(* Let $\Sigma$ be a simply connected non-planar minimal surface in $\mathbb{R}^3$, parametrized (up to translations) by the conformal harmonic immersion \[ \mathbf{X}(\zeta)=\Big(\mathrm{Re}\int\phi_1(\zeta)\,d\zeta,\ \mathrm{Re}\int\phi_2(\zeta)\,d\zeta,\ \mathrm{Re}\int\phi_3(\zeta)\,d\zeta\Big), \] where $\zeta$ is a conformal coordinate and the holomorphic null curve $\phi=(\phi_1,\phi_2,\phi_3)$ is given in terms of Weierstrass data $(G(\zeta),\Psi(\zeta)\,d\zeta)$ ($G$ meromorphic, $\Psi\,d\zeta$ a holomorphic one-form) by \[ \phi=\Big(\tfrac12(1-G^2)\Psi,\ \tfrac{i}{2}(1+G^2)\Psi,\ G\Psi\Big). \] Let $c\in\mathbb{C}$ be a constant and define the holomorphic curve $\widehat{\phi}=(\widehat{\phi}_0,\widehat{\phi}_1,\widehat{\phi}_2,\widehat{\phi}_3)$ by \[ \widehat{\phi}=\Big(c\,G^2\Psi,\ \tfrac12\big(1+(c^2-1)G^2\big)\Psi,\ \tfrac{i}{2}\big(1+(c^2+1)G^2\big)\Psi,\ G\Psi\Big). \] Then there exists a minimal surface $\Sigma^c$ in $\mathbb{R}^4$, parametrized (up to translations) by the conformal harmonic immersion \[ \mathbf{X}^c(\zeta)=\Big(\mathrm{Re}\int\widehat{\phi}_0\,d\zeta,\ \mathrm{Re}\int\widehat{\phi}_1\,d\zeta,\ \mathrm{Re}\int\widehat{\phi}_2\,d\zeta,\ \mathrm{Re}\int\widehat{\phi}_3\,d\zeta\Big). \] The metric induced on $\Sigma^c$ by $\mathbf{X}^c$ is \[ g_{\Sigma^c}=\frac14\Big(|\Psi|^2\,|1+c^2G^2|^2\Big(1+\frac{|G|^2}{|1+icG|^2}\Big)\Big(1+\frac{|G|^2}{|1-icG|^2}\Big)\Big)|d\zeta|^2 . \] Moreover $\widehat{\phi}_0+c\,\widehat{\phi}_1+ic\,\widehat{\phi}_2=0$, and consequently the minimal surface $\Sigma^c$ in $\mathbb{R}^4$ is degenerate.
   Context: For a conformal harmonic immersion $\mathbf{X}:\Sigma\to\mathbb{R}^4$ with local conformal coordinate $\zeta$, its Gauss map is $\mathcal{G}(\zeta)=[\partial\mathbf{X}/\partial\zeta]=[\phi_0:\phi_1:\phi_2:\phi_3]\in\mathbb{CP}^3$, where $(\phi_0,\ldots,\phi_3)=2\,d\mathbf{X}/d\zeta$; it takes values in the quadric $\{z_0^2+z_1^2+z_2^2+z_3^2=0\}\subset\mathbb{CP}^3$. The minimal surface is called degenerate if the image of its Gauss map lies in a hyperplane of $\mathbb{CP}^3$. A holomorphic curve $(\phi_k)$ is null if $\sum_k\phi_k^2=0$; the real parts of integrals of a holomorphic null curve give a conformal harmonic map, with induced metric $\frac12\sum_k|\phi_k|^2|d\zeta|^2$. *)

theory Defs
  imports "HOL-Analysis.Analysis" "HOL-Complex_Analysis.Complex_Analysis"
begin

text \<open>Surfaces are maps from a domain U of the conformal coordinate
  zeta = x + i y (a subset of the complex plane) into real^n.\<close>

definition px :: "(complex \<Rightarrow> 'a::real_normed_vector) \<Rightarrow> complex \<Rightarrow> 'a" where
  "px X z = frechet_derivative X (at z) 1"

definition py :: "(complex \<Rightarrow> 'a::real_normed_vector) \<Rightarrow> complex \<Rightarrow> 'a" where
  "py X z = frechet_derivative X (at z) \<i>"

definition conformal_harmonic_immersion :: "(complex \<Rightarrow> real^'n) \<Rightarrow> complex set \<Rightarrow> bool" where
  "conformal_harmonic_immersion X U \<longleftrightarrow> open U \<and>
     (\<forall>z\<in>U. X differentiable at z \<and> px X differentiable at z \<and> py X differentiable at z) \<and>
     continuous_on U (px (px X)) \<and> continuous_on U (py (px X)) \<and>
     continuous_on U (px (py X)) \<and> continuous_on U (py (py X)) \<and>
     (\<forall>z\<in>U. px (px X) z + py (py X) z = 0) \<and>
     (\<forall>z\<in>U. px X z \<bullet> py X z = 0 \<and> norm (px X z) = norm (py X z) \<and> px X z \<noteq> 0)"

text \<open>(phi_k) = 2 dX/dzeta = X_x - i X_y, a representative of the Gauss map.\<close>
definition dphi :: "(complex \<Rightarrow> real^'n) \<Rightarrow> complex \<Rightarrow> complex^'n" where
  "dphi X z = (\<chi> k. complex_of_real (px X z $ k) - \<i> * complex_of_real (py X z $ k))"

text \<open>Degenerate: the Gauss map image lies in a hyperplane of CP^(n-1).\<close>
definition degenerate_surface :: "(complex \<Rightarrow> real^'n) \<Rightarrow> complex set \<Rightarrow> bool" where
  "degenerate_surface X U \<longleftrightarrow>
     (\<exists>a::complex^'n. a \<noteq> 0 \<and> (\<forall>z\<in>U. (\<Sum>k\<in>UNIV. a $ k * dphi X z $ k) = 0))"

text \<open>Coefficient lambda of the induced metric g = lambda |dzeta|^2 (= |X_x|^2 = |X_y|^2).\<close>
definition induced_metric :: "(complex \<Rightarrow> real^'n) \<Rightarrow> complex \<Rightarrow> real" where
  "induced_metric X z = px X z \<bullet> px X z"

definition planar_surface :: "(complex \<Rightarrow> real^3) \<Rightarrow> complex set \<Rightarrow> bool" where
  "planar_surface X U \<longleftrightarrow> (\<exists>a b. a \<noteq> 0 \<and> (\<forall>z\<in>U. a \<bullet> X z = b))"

====================

> **How to complete this task**:
What lines in the material mention "dphi"? Copy every one of them.

> **Result of the task**:
definition dphi :: "(complex \<Rightarrow> real^'n) \<Rightarrow> complex \<Rightarrow> complex^'n" where
  "dphi X z = (\<chi> k. complex_of_real (px X z $ k) - \<i> * complex_of_real (py X z $ k))"
     (\<exists>a::complex^'n. a \<noteq> 0 \<and> (\<forall>z\<in>U. (\<Sum>k\<in>UNIV. a $ k * dphi X z $ k) = 0))"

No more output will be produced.